▶ _What you are asked to do_: Set down exactly the lines below, starting at the one that contains "using L by (intro" and ending at the one that contains "proof (rule abs_deriv_le_of_lower_bound)", with both of those lines included and nothing else.

● ● ●

lemma vec_mean_deriv_strongly_monotone:
  fixes f' :: "'n::finite \<Rightarrow> real \<Rightarrow> real"
  assumes "\<forall>i y z. m * (z - y)\<^sup>2 \<le> (f' i z - f' i y) * (z - y)"
  shows "m * (z - y)\<^sup>2 \<le> (vec_mean (\<chi> i. f' i z) - vec_mean (\<chi> i. f' i y)) * (z - y)"
proof -
  have "m * (z - y)\<^sup>2 = vec_mean ((\<chi> i. m * (z - y)\<^sup>2) :: real^'n)" by simp
  also have "\<dots> \<le> vec_mean (\<chi> i. (f' i z - f' i y) * (z - y))"
    using assms by (intro vec_mean_mono) simp
  also have "\<dots> = (\<Sum>i\<in>UNIV. f' i z - f' i y) * (z - y) / real CARD('n)"
    by (simp add: vec_mean_def sum_distrib_right)
  also have "\<dots> = (vec_mean (\<chi> i. f' i z) - vec_mean (\<chi> i. f' i y)) * (z - y)"
    by (simp add: vec_mean_def sum_subtractf field_simps)
  finally show ?thesis .
qed

lemma vec_mean_gradient_lipschitz:
  fixes f' :: "'n::finite \<Rightarrow> real \<Rightarrow> real" and x y :: "real^'n"
  assumes lip: "\<forall>i y z. \<bar>f' i y - f' i z\<bar> \<le> L * \<bar>y - z\<bar>"
  shows "sqrt (real CARD('n)) * \<bar>vec_mean (\<chi> i. f' i (x $ i)) - vec_mean (\<chi> i. f' i (y $ i))\<bar>
           \<le> L * norm (x - y)"
proof -
  have L: "0 \<le> L"
    using lip[rule_format, of undefined 1 0] abs_ge_zero[of "f' undefined 1 - f' undefined 0"] by simp
  have "\<bar>vec_mean (\<chi> i. f' i (x $ i)) - vec_mean (\<chi> i. f' i (y $ i))\<bar>
      \<le> vec_mean (\<chi> i. \<bar>f' i (x $ i) - f' i (y $ i)\<bar>)"
    using abs_vec_mean_le[of "(\<chi> i. f' i (x $ i)) - (\<chi> i. f' i (y $ i))"]
    by (simp add: vec_mean_diff)
  also have "\<dots> \<le> vec_mean (\<chi> i. L * \<bar>(x - y) $ i\<bar>)"
    using lip by (intro vec_mean_mono) simp
  also have "\<dots> = L * vec_mean (\<chi> i. \<bar>(x - y) $ i\<bar>)"
    by (simp add: vec_mean_def sum_distrib_left)
  finally have "sqrt (real CARD('n)) * \<bar>vec_mean (\<chi> i. f' i (x $ i)) - vec_mean (\<chi> i. f' i (y $ i))\<bar>
      \<le> sqrt (real CARD('n)) * (L * vec_mean (\<chi> i. \<bar>(x - y) $ i\<bar>))"
    by (rule mult_left_mono) simp
  also have "\<dots> = L * (sqrt (real CARD('n)) * vec_mean (\<chi> i. \<bar>(x - y) $ i\<bar>))"
    by (rule mult.left_commute)
  also have "\<dots> \<le> L * norm (x - y)"
    using L by (intro mult_left_mono sqrt_card_mul_vec_mean_abs_le_norm)
  finally show ?thesis .
qed

lemma abs_sum_deriv_le_at_consensus_minimizer:
  fixes f f' :: "'n::finite \<Rightarrow> real \<Rightarrow> real" and G :: "real^'n \<Rightarrow> real"
  assumes deriv: "\<forall>i y. (f i has_real_derivative f' i y) (at y)"
    and lip: "\<forall>u v. \<bar>G u - G v\<bar> \<le> Lg * norm (u - v)"
    and min: "\<forall>t. (\<Sum>i\<in>UNIV. f i xstar) + G (\<chi> i. xstar)
                  \<le> (\<Sum>i\<in>UNIV. f i t) + G (\<chi> i. t)"
  shows "\<bar>\<Sum>i\<in>UNIV. f' i xstar\<bar> \<le> sqrt (real CARD('n)) * Lg"
proof (rule abs_deriv_le_of_lower_bound)
  show "((\<lambda>t. \<Sum>i\<in>UNIV. f i t) has_real_derivative (\<Sum>i\<in>UNIV. f' i xstar)) (at xstar)"
    using deriv by (intro DERIV_sum) auto
  show "\<forall>t. (\<Sum>i\<in>UNIV. f i xstar) - sqrt (real CARD('n)) * Lg * \<bar>t - xstar\<bar>
             \<le> (\<Sum>i\<in>UNIV. f i t)"
  proof
    fix t
    have "G (\<chi> i. t) - G (\<chi> i. xstar) \<le> sqrt (real CARD('n)) * Lg * \<bar>t - xstar\<bar>"
      using lip[rule_format, of "\<chi> i. t" "\<chi> i. xstar"]
      by (simp add: vec_lambda_diff_const norm_const_vec algebra_simps)
    thus "(\<Sum>i\<in>UNIV. f i xstar) - sqrt (real CARD('n)) * Lg * \<bar>t - xstar\<bar>
            \<le> (\<Sum>i\<in>UNIV. f i t)"
      using min[rule_format, of t] by linarith
  qed
qed

lemma deriv_lipschitz_Max:
  fixes f' :: "'n::finite \<Rightarrow> real \<Rightarrow> real"
  assumes "\<forall>i y z. \<bar>f' i y - f' i z\<bar> \<le> Lfi i * \<bar>y - z\<bar>"
  shows "\<forall>i y z. \<bar>f' i y - f' i z\<bar> \<le> Max (range Lfi) * \<bar>y - z\<bar>"
proof (intro allI)
  fix i y z
  have "\<bar>f' i y - f' i z\<bar> \<le> Lfi i * \<bar>y - z\<bar>" using assms by blast
  also have "\<dots> \<le> Max (range Lfi) * \<bar>y - z\<bar>" by (intro mult_right_mono) simp_all
  finally show "\<bar>f' i y - f' i z\<bar> \<le> Max (range Lfi) * \<bar>y - z\<bar>" .
qed

lemma deriv_strongly_monotone_Min:
  fixes f f' :: "'n::finite \<Rightarrow> real \<Rightarrow> real"
  assumes "\<forall>i y z. f i z \<ge> f i y + f' i y * (z - y) + mfi i / 2 * (z - y)\<^sup>2"
  shows "\<forall>i y z. Min (range mfi) * (z - y)\<^sup>2 \<le> (f' i z - f' i y) * (z - y)"
proof (intro allI)
  fix i y z
  have "Min (range mfi) * (z - y)\<^sup>2 \<le> mfi i * (z - y)\<^sup>2" by (intro mult_right_mono) simp_all
  also have "\<dots> \<le> (f' i z - f' i y) * (z - y)"
    by (rule strongly_convex_deriv_monotone[of "f i"]) (use assms in blast)
  finally show "Min (range mfi) * (z - y)\<^sup>2 \<le> (f' i z - f' i y) * (z - y)" .
qed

● ● ●

▶ _Written solution_:
    using L by (intro mult_left_mono sqrt_card_mul_vec_mean_abs_le_norm)
  finally show ?thesis .
qed

lemma abs_sum_deriv_le_at_consensus_minimizer:
  fixes f f' :: "'n::finite \<Rightarrow> real \<Rightarrow> real" and G :: "real^'n \<Rightarrow> real"
  assumes deriv: "\<forall>i y. (f i has_real_derivative f' i y) (at y)"
    and lip: "\<forall>u v. \<bar>G u - G v\<bar> \<le> Lg * norm (u - v)"
    and min: "\<forall>t. (\<Sum>i\<in>UNIV. f i xstar) + G (\<chi> i. xstar)
                  \<le> (\<Sum>i\<in>UNIV. f i t) + G (\<chi> i. t)"
  shows "\<bar>\<Sum>i\<in>UNIV. f' i xstar\<bar> \<le> sqrt (real CARD('n)) * Lg"
proof (rule abs_deriv_le_of_lower_bound)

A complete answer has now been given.